For the recessive model it looks like this:
Chromo Position nInd f1 f2 llh(R0) llh(R1) llh(R2) llh(R3) llh(R4) llh(R5) llh(R6) llh(R7) b1(R1) b2(R1) bm(R1) b1(R2) b2m(R2) b1m(R3) b2(R3) b1(R4) b2(R5) b(R6) 1 9855422 1237 0.935997 0.537511 3236.442376 3241.191367 3242.235364 3241.191468 3243.112239 3241.188747 3242.691370 3243.115326 0.023373 -2.082935 -0.027433 0.016608 -0.582318 0.004700 -2.083112 -0.046849 -2.083275 -0.259338 1 10684283 1217 0.999990 0.509715 nan nan nan nan 3215.162291 3215.133559 3214.502575 3215.569371 nan nan nan nan nan nan nan -0.529999 -0.721649 -0.438317 1 11247763 1237 0.856692 0.78175 3235.030514 3242.807127 3242.809076 3242.836233 3242.818987 3243.028431 3242.907072 3243.028131 0.064419 -0.047597 -0.004021 0.068119 -0.019760 0.042905 -0.078669 0.060373 -0.018537 0.029227 ...
P-values can be generated doing a likelihood ratio test, between the 2 desired models.
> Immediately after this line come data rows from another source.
lemma free_energy_two_periodic_tendsto:
  assumes "beta > 0" and "k \<ge> 1" and "compatible_bc k beta J h"
    and "\<And>m. level_energy k beta J h (2 * m + c + 1) = u * real k ^ (2 * m + c + 1)"
    and "\<And>m. level_energy k beta J h (2 * m + c + 2) = v * real k ^ (2 * m + c + 2)"
  shows "(\<lambda>m. free_energy k beta J (2 * m + c) h) \<longlonglongrightarrow> (u + real k * v) / (real k + 1)"
proof -
  have "strict_mono (\<lambda>m. 2 * m + c)"
    by (simp add: strict_mono_Suc_iff)
  moreover have "(\<Sum>j = 2 * m + c..<2 * Suc m + c. level_energy k beta J h (Suc j))
      / (\<Sum>j = 2 * m + c..<2 * Suc m + c. real k ^ Suc j) = (u + real k * v) / (real k + 1)" for m
  proof -
    have "{2 * m + c..<2 * Suc m + c} = {2 * m + c, 2 * m + c + 1}"
      by auto
    moreover have "(u * real k ^ (2 * m + c + 1) + v * real k ^ (2 * m + c + 2))
        / (real k ^ (2 * m + c + 1) + real k ^ (2 * m + c + 2)) = (u + real k * v) / (real k + 1)"
    proof -
      define P where "P = real k ^ (2 * m + c + 1)"
      have "P > 0"
        using assms(2) by (simp add: P_def)
      have "real k ^ (2 * m + c + 2) = real k * P"
        by (simp add: P_def)
      then have "(u * P + v * real k ^ (2 * m + c + 2)) / (P + real k ^ (2 * m + c + 2))
          = (P * (u + real k * v)) / (P * (real k + 1))"
        by (simp only:) (simp add: algebra_simps)
      with \<open>P > 0\<close> show ?thesis
        unfolding P_def[symmetric] by simp
    qed
    ultimately show ?thesis
      using assms(4,5) by (simp add: add_ac)
  qed
  ultimately show ?thesis
    using free_energy_subseq_tendsto[OF assms(1-3), of "\<lambda>m. 2 * m + c"] by simp
qed

section \<open>Level densities\<close>

lemma linear_recurrence2_tendsto_zero:
  fixes u :: "nat \<Rightarrow> real"
  assumes small: "\<bar>a\<bar> + \<bar>b\<bar> < 1" and rec: "\<And>j. u (Suc (Suc j)) = a * u (Suc j) + b * u j"
  shows "u \<longlonglongrightarrow> 0"
proof -
  define s where "s = sqrt (a\<^sup>2 + 4 * \<bar>b\<bar>)"
  define \<rho> where "\<rho> = (\<bar>a\<bar> + s) / 2"
  define \<alpha> where "\<alpha> = (s - \<bar>a\<bar>) / 2"
  have "\<bar>a\<bar> \<le> s"
    unfolding s_def by (rule real_le_rsqrt) simp
  have "s < 2 - \<bar>a\<bar>"
    unfolding s_def using small by (intro real_less_lsqrt) (simp_all add: power2_eq_square algebra_simps)
  have "s\<^sup>2 = a\<^sup>2 + 4 * \<bar>b\<bar>"
    unfolding s_def by simp
  then have \<rho>\<alpha>: "\<rho> * \<alpha> = \<bar>b\<bar>"
    by (simp add: \<rho>_def \<alpha>_def power2_eq_square algebra_simps)
  have "0 \<le> \<alpha>" and "0 \<le> \<rho>" and "\<rho> < 1"
    using \<open>\<bar>a\<bar> \<le> s\<close> \<open>s < 2 - \<bar>a\<bar>\<close> by (simp_all add: \<rho>_def \<alpha>_def)
  have \<rho>_eq: "\<rho> = \<bar>a\<bar> + \<alpha>"
    by (simp add: \<rho>_def \<alpha>_def field_simps)
  \<comment> \<open>\<open>\<rho>\<close> is the positive root of \<open>\<rho>\<^sup>2 = \<bar>a\<bar> \<rho> + \<bar>b\<bar>\<close>, so \<open>V\<close> contracts by the factor \<open>\<rho> < 1\<close>.\<close>
  define V where "V j = \<bar>u (Suc j)\<bar> + \<alpha> * \<bar>u j\<bar>" for j
  have "V (Suc j) \<le> \<rho> * V j" for j
  proof -
    have "\<bar>u (Suc (Suc j))\<bar> \<le> \<bar>a\<bar> * \<bar>u (Suc j)\<bar> + \<bar>b\<bar> * \<bar>u j\<bar>"
      unfolding rec by (metis abs_mult abs_triangle_ineq)
    then have "V (Suc j) \<le> (\<bar>a\<bar> + \<alpha>) * \<bar>u (Suc j)\<bar> + \<bar>b\<bar> * \<bar>u j\<bar>"
      by (simp add: V_def algebra_simps)
    also have "\<dots> = \<rho> * V j"
      unfolding V_def \<rho>\<alpha>[symmetric] \<rho>_eq[symmetric] by (simp add: algebra_simps)
    finally show ?thesis .
  qed
  then have V_le: "V j \<le> \<rho> ^ j * V 0" for j
  proof (induction j)
    case (Suc j)
    then show ?case
      using mult_left_mono[OF Suc.IH \<open>0 \<le> \<rho>\<close>] order.trans by (simp add: mult.assoc) blast
  qed simp
  have lim: "(\<lambda>j. \<rho> ^ j * V 0) \<longlonglongrightarrow> 0"
    using \<open>0 \<le> \<rho>\<close> \<open>\<rho> < 1\<close> by (intro tendsto_mult_left_zero LIMSEQ_power_zero) auto
  have "norm (u (Suc j)) \<le> norm (\<rho> ^ j * V 0) * 1" for j
  proof -
    have "\<bar>u (Suc j)\<bar> \<le> V j"
      using \<open>0 \<le> \<alpha>\<close> by (simp add: V_def)
    then show ?thesis
      using V_le[of j] abs_ge_self[of "\<rho> ^ j * V 0"] unfolding real_norm_def mult_1_right by linarith
  qed
  then have "(\<lambda>j. u (Suc j)) \<longlonglongrightarrow> 0"
    by (intro tendsto_0_le[OF lim] always_eventually allI)
  then show ?thesis
    by (rule LIMSEQ_imp_Suc)
qed

lemma alternating_denominator_pos:
  fixes k q r :: real
  assumes "0 \<le> q" and "q < k" and "r \<le> k"
  shows "0 < 2 * k\<^sup>2 - r * k - r * q"
proof -
  have "2 * k\<^sup>2 - r * k - r * q = k * (k - r) + k * (k - q) + q * (k - r)"
    by (simp add: power2_eq_square algebra_simps)
  moreover have "k * (k - q) > 0" and "k * (k - r) \<ge> 0" and "q * (k - r) \<ge> 0"
    using assms by simp_all
  ultimately show ?thesis
    by linarith
qed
An Rscript getPvalues.R is provided that makes it easy to obtain P-values from the .res file:
Rscript R/getPvalues.R out.res
Which produces a file with the suffix .Pvalues:
Chromo Position nInd f1 f2 M0vM1 M1vM5 M1vM2 M1vM3 M1vM4 M2vM5 M3vM5 M4vM5 1 9855422 1237 0.935997 0.537511 0.630338505521655 0.40636967666779 0.200575362363081 0.274160334109282 0.204476621296224 0.686587953953705 0.436611450245155 0.662188528285713 1 10684283 1217 0.99999 0.509715 NA NA NA NA NA NA 0.163577574260359 0.275437296874114 1 11247763 1237 0.856692 0.78175 6.99963946833027e-05 0.333791076895669 0.163349235419537 0.261334462945287 0.182273151757048 0.615995603296571 0.334134847663281 0.51919707427275 ...
Models
asaMap implements a range of linear models, making it possible to test specific hypotheses. For the additive model there are 6 different models:
Model | Parameters | Notes | Effect Parameters |
---|---|---|---|
M0 | (beta_1, beta_2, delta_1) in R^3 | effect of non-assumed effect allele | 1 |
M1 | (beta_1, beta_2) in R^2 | population specific effects | 2 |
M2 | beta_1=0, beta_2 in R | no effect in population 1 | 1 |
M3 | beta_1 in R, beta_2=0 | no effect in population 2 | 1 |
M4 | beta_1=beta_2 in R | same effect in both populations | 1 |
M5 | beta_1=beta_2=0 | no effect in any population | 0 |
For the recessive model there are 8 different models:
Model | Parameters | Notes | Effect Parameters |
---|---|---|---|
R0 | (beta_1, beta_m, beta_2, delta_1, delta_2) in R^5 | recessive effect of non-assumed effect alleles | 2 |
R1 | (beta_1, beta_m, beta_2) in R^3 | population specific effects | 3 |
R2 | beta_1 in R, beta_m=beta_2 in R | same effect when one or both variant alleles are from pop 2 | 2 |
R3 | beta_1=beta_m in R, beta_2 in R | same effect when one or both variant alleles are from pop 1 | 2 |
R4 | beta_1 in R, beta_m=beta_2=0 | only an effect when both variant alleles are from pop 1 | 1 |
R5 | beta_1=beta_m=0, beta_2 in R | only an effect when both variant alleles are from pop 2 | 1 |
R6 | beta_1=beta_m=beta_2 in R | same effect regardless of ancestry | 1 |
R7 | beta_1=beta_m=beta_2=0 | no effect in any population | 0 |
beta_1 and beta_2 are the effect of the assumed effect-allele in population 1 and 2 respectively. beta_m is the recessive effect of being recessive for an allele with one copy from population 1 and one copy from population 2. delta_1 and delta_2 are the effect of the assumed non-effect-allele in population 1 and 2 respectively.